▶ THE DATA
———
lemma (in prob_space) nn_integral_quant_noise_error_le_tail:
  assumes "indep_var borel X borel V" and "0 \<le> w" and "w < \<bar>d\<bar>" and "0 \<le> ov"
    and off_grid: "prob {\<omega> \<in> space M. X \<omega> \<notin> grid_window d w} \<le> ov"
    and tail: "\<And>t. prob {\<omega> \<in> space M. t \<le> \<bar>V \<omega>\<bar>} \<le> q t"
  shows "(\<integral>\<^sup>+\<omega>. ennreal ((X \<omega> - quant d (X \<omega> + V \<omega>))\<^sup>2) \<partial>M)
    \<le> (\<integral>\<^sup>+\<omega>. ennreal ((X \<omega> - quant d (X \<omega>))\<^sup>2) \<partial>M)
      + (\<Sum>n. ennreal ((real (n+1) * \<bar>d\<bar> + w/2)\<^sup>2 * q (((2 * real (n+1) - 1) * \<bar>d\<bar> - w) / 2)))
      + ennreal ov * (ennreal ((d + d/2)\<^sup>2)
          + (\<Sum>n. ennreal ((real (n+2) * d + d/2)\<^sup>2 * q ((real (n+2) - 1) * \<bar>d\<bar>))))"
proof -
  define pX where "pX = emeasure M {\<omega> \<in> space M. X \<omega> \<notin> grid_window d w}"
  define pV where "pV t = emeasure M {\<omega> \<in> space M. t \<le> \<bar>V \<omega>\<bar>}" for t
  have pX_le: "pX \<le> ennreal ov"
    using off_grid unfolding pX_def by (simp add: emeasure_eq_measure ennreal_leI)
  have pV_le: "pV t \<le> ennreal (q t)" for t
    using tail[of t] unfolding pV_def by (simp add: emeasure_eq_measure ennreal_leI)
  have "(\<Sum>n. ennreal ((real (n+2) * d + d/2)\<^sup>2) * (pX * pV ((real (n+2) - 1) * \<bar>d\<bar>)))
      \<le> (\<Sum>n. ennreal ((real (n+2) * d + d/2)\<^sup>2 * (ov * q ((real (n+2) - 1) * \<bar>d\<bar>))))"
    using mult_mono[OF pX_le pV_le] \<open>0 \<le> ov\<close>
    by (intro ennreal_suminf_mult_le) (simp_all add: ennreal_mult')
  also have "\<dots> = ennreal ov * (\<Sum>n. ennreal ((real (n+2) * d + d/2)\<^sup>2 * q ((real (n+2) - 1) * \<bar>d\<bar>)))"
    using \<open>0 \<le> ov\<close> by (simp add: ennreal_mult' mult_ac flip: ennreal_suminf_cmult)
  finally have off_grid_terms: "(\<Sum>n. ennreal ((real (n+2) * d + d/2)\<^sup>2) * (pX * pV ((real (n+2) - 1) * \<bar>d\<bar>)))
      \<le> ennreal ov * (\<Sum>n. ennreal ((real (n+2) * d + d/2)\<^sup>2 * q ((real (n+2) - 1) * \<bar>d\<bar>)))" .
  have on_grid_terms: "(\<Sum>n. ennreal ((real (n+1) * \<bar>d\<bar> + w/2)\<^sup>2) * pV (((2 * real (n+1) - 1) * \<bar>d\<bar> - w) / 2))
      \<le> (\<Sum>n. ennreal ((real (n+1) * \<bar>d\<bar> + w/2)\<^sup>2 * q (((2 * real (n+1) - 1) * \<bar>d\<bar> - w) / 2)))"
    by (intro ennreal_suminf_mult_le pV_le) simp
  have "ennreal ((d + d/2)\<^sup>2) * pX \<le> ennreal ov * ennreal ((d + d/2)\<^sup>2)"
    using mult_left_mono[OF pX_le, of "ennreal ((d + d/2)\<^sup>2)"] by (simp add: ac_simps)
  with on_grid_terms off_grid_terms show ?thesis
    using nn_integral_quant_noise_error_le[OF assms(1-3)] unfolding distrib_left pX_def pV_def
    by (elim order_trans) (intro add_mono order_refl)
qed

theorem lemma6:
  fixes M :: "'a measure" and X V :: "'a \<Rightarrow> real" and d w ov \<sigma> :: real
  assumes "prob_space M"
    and "X \<in> borel_measurable M" and "V \<in> borel_measurable M"
    and "prob_space.indep_var M borel X borel V"
    and "\<sigma> > 0"
    and "distributed M lborel V (normal_density 0 \<sigma>)"
    and "d \<noteq> 0" and "w \<ge> 0" and "ov \<ge> 0" and "\<bar>d\<bar> > w"
    and "df_le M X d w ov"
  shows "(\<integral>\<^sup>+ \<omega>. ennreal ((X \<omega> - quant d (X \<omega> + V \<omega>))\<^sup>2) \<partial>M)
    \<le> (\<integral>\<^sup>+ \<omega>. ennreal ((X \<omega> - quant d (X \<omega>))\<^sup>2) \<partial>M)
      + (\<Sum>n. ennreal ((real (n+1) * \<bar>d\<bar> + w/2)\<^sup>2 * 2 *
              gaussQ (((2 * real (n+1) - 1) * \<bar>d\<bar> - w) / (2 * \<sigma>))))
      + ennreal ov * (ennreal ((d + d/2)\<^sup>2)
          + (\<Sum>n. ennreal ((real (n+2) * d + d/2)\<^sup>2 * 2 *
              gaussQ ((real (n+2) - 1) * \<bar>d\<bar> / \<sigma>))))"
proof -
  interpret prob_space M by fact
  have "prob {\<omega> \<in> space M. X \<omega> \<notin> grid_window d w} \<le> ov"
    using assms(11) unfolding df_le_def grid_window_def .
  from nn_integral_quant_noise_error_le_tail[OF assms(4,8,10,9) this
      prob_normal_abs_ge_le[OF assms(6,5)]]
  show ?thesis by (simp only: mult.assoc divide_divide_eq_left mult.commute[of 2 \<sigma>])
qed

end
———
▶ WORK TO BE COMPLETED
Give the number of lines in the data that contain "shows", with no other words.

▶ WRITTEN ANSWER
2